That’s not what is going to happen. Copilot will simply increase productivity over, and where before they needed 10 people, gradually, through attrition they will need only 9, then 8, and so on. That does not mean higher unemployment though, it means more product.
Businesses want to grow, not keep stable. They might fire a few ppl in the short term, but in the long term it’s more likely the group of 10 would just do now the work of a 12-13 group with AI, producing hugher outputs for the same money they were getting before, meaning extra profit for the shareholders.
That’s not what is going to happen. Copilot will simply increase productivity over, and where before they needed 10 people, gradually, through attrition they will need only 9, then 8, and so on. That does not mean higher unemployment though, it means more product.
“AI means there will be fewer people required to do the same amount of work”

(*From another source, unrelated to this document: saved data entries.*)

text \<open>Integrating \<open>g s * g t\<close> over the half-plane \<open>s \<le> t\<close> in both orders gives
  \<open>\<integral> g G = (\<integral> g)\<^sup>2 - \<integral> g G\<close> for the primitive \<open>G\<close>, the diagonal being a null set.\<close>

lemma integral_mult_integral_atMost:
  fixes g :: "real \<Rightarrow> real"
  assumes g: "integrable lborel g"
  shows "2 * (\<integral>t. g t * (\<integral>s. g s * indicator {..t} s \<partial>lborel) \<partial>lborel) = (\<integral>t. g t \<partial>lborel)\<^sup>2"
proof -
  have [measurable]: "g \<in> borel_measurable lborel" using g by auto
  define G where "G t = (\<integral>s. g s * indicator {..t} s \<partial>lborel)" for t
  define H where "H s t = (if s \<le> t then g s * g t else 0)" for s t :: real
  have H: "integrable (lborel \<Otimes>\<^sub>M lborel) (\<lambda>(s, t). H s t)"
    using g by (intro Bochner_Integration.integrable_bound[OF integrable_product_lborel[OF g]])
      (auto simp: H_def)
  have inner_fst: "(\<integral>s. H s t \<partial>lborel) = g t * G t" for t
    unfolding H_def G_def
    by (subst integral_mult_right_zero[symmetric], rule Bochner_Integration.integral_cong)
       (auto simp: indicator_def)
  have inner_snd: "(\<integral>t. H s t \<partial>lborel) = g s * ((\<integral>t. g t \<partial>lborel) - G s)" for s
  proof -
    have "(\<integral>t. H s t \<partial>lborel) = (\<integral>t. g s * (g t - g t * indicator {..<s} t) \<partial>lborel)"
      unfolding H_def by (rule Bochner_Integration.integral_cong) (auto simp: indicator_def)
    also have "\<dots> = g s * ((\<integral>t. g t \<partial>lborel) - (\<integral>t. g t * indicator {..<s} t \<partial>lborel))"
      using g integrable_mult_indicator[of "{..<s}" lborel g] by (simp add: mult.commute)
    also have "(\<integral>t. g t * indicator {..<s} t \<partial>lborel) = G s"
      unfolding G_def
      by (rule integral_cong_AE)
         (auto intro!: eventually_mono[OF AE_lborel_singleton[of s]] simp: indicator_def)
    finally show ?thesis .
  qed
  have "(\<integral>t. g t * G t \<partial>lborel) = (\<integral>s. g s * ((\<integral>t. g t \<partial>lborel) - G s) \<partial>lborel)"
    using lborel_pair.Fubini_integral[OF H] by (simp add: inner_fst inner_snd)
  also have "\<dots> = (\<integral>s. g s \<partial>lborel) * (\<integral>t. g t \<partial>lborel) - (\<integral>s. g s * G s \<partial>lborel)"
    using g integrable_mult_integral_atMost[OF g] by (simp add: right_diff_distrib G_def)
  finally show ?thesis unfolding G_def by (simp add: power2_eq_square)
qed

lemma set_integral_mult_indefinite_nonneg:
  fixes f F :: "real \<Rightarrow> real"
  assumes f: "set_integrable lborel {0..T} f"
    and F: "\<And>t. t \<in> {0..T} \<Longrightarrow> F t = (LINT s:{0..t}|lborel. f s)"
  shows "0 \<le> (LINT t:{0..T}|lborel. f t * F t)"
proof -
  define g where "g t = indicator {0..T} t * f t" for t
  have g: "integrable lborel g" using f unfolding g_def[abs_def] set_integrable_def by simp
  have pointwise: "g t * (\<integral>s. g s * indicator {..t} s \<partial>lborel) = indicator {0..T} t *\<^sub>R (f t * F t)" for t
  proof (cases "t \<in> {0..T}")
    case True
    then have "(\<integral>s. g s * indicator {..t} s \<partial>lborel) = F t"
      unfolding F[OF True] set_lebesgue_integral_def g_def
      by (intro Bochner_Integration.integral_cong) (auto simp: indicator_def)
    then show ?thesis using True by (simp add: g_def)
  qed (simp add: g_def)
  have "(LINT t:{0..T}|lborel. f t * F t) = (\<integral>t. g t * (\<integral>s. g s * indicator {..t} s \<partial>lborel) \<partial>lborel)"
    unfolding set_lebesgue_integral_def pointwise ..
  also have "\<dots> = (\<integral>t. g t \<partial>lborel)\<^sup>2 / 2"
    using integral_mult_integral_atMost[OF g] by linarith
  finally have "(LINT t:{0..T}|lborel. f t * F t) = (\<integral>t. g t \<partial>lborel)\<^sup>2 / 2" .
  then show ?thesis using zero_le_power2[of "\<integral>t. g t \<partial>lborel"] by linarith
qed

section \<open>Square-integrable functions on an interval\<close>

definition square_integrable_on :: "real \<Rightarrow> (real \<Rightarrow> real) \<Rightarrow> bool" where
  "square_integrable_on T f \<longleftrightarrow> f \<in> borel_measurable borel \<and> set_integrable lborel {0..T} (\<lambda>t. (f t)\<^sup>2)"

lemma set_integrable_of_square_bound:
  fixes f g :: "real \<Rightarrow> real"
  assumes "square_integrable_on T f" "square_integrable_on T g"
    and h: "h \<in> borel_measurable borel" and bound: "\<And>t. \<bar>h t\<bar> \<le> c * ((f t)\<^sup>2 + (g t)\<^sup>2)"
  shows "set_integrable lborel {0..T} h"
proof (rule set_integrable_bound)
  show "set_integrable lborel {0..T} (\<lambda>t. c * ((f t)\<^sup>2 + (g t)\<^sup>2))"
    using assms(1,2) by (auto simp: square_integrable_on_def)
  show "set_borel_measurable lborel {0..T} h"
    using h by (simp add: set_borel_measurable_def)
  have "0 \<le> c * ((f t)\<^sup>2 + (g t)\<^sup>2)" for t
    using abs_ge_zero bound order.trans by blast
  then show "AE t in lborel. t \<in> {0..T} \<longrightarrow> norm (h t) \<le> norm (c * ((f t)\<^sup>2 + (g t)\<^sup>2))"
    using bound by auto
qed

“this does not mean higher unemployment”
I think you left out a steep off reasoning there. At least, I don’t follow.
When productivity increases (as it has been doing for ages) the manufacturing output increases. That’s what normally happens.
But the amount of workers will only stay the same if demand grows at the same rate as the production output.
Well, the price goes down, or/end the salaries go up, or resources are freed for new investments…
Only in the last case there is a chance that the amount of jobs will remain the same, the other cases will lead to lost jobs.
Prices going down leads to increased demand and expansion. Salaries (everywhere) going up lead to increased demand and expansion.
Businesses want to grow, not keep stable. They might fire a few ppl in the short term, but in the long term it’s more likely the group of 10 would just do now the work of a 12-13 group with AI, producing hugher outputs for the same money they were getting before, meaning extra profit for the shareholders.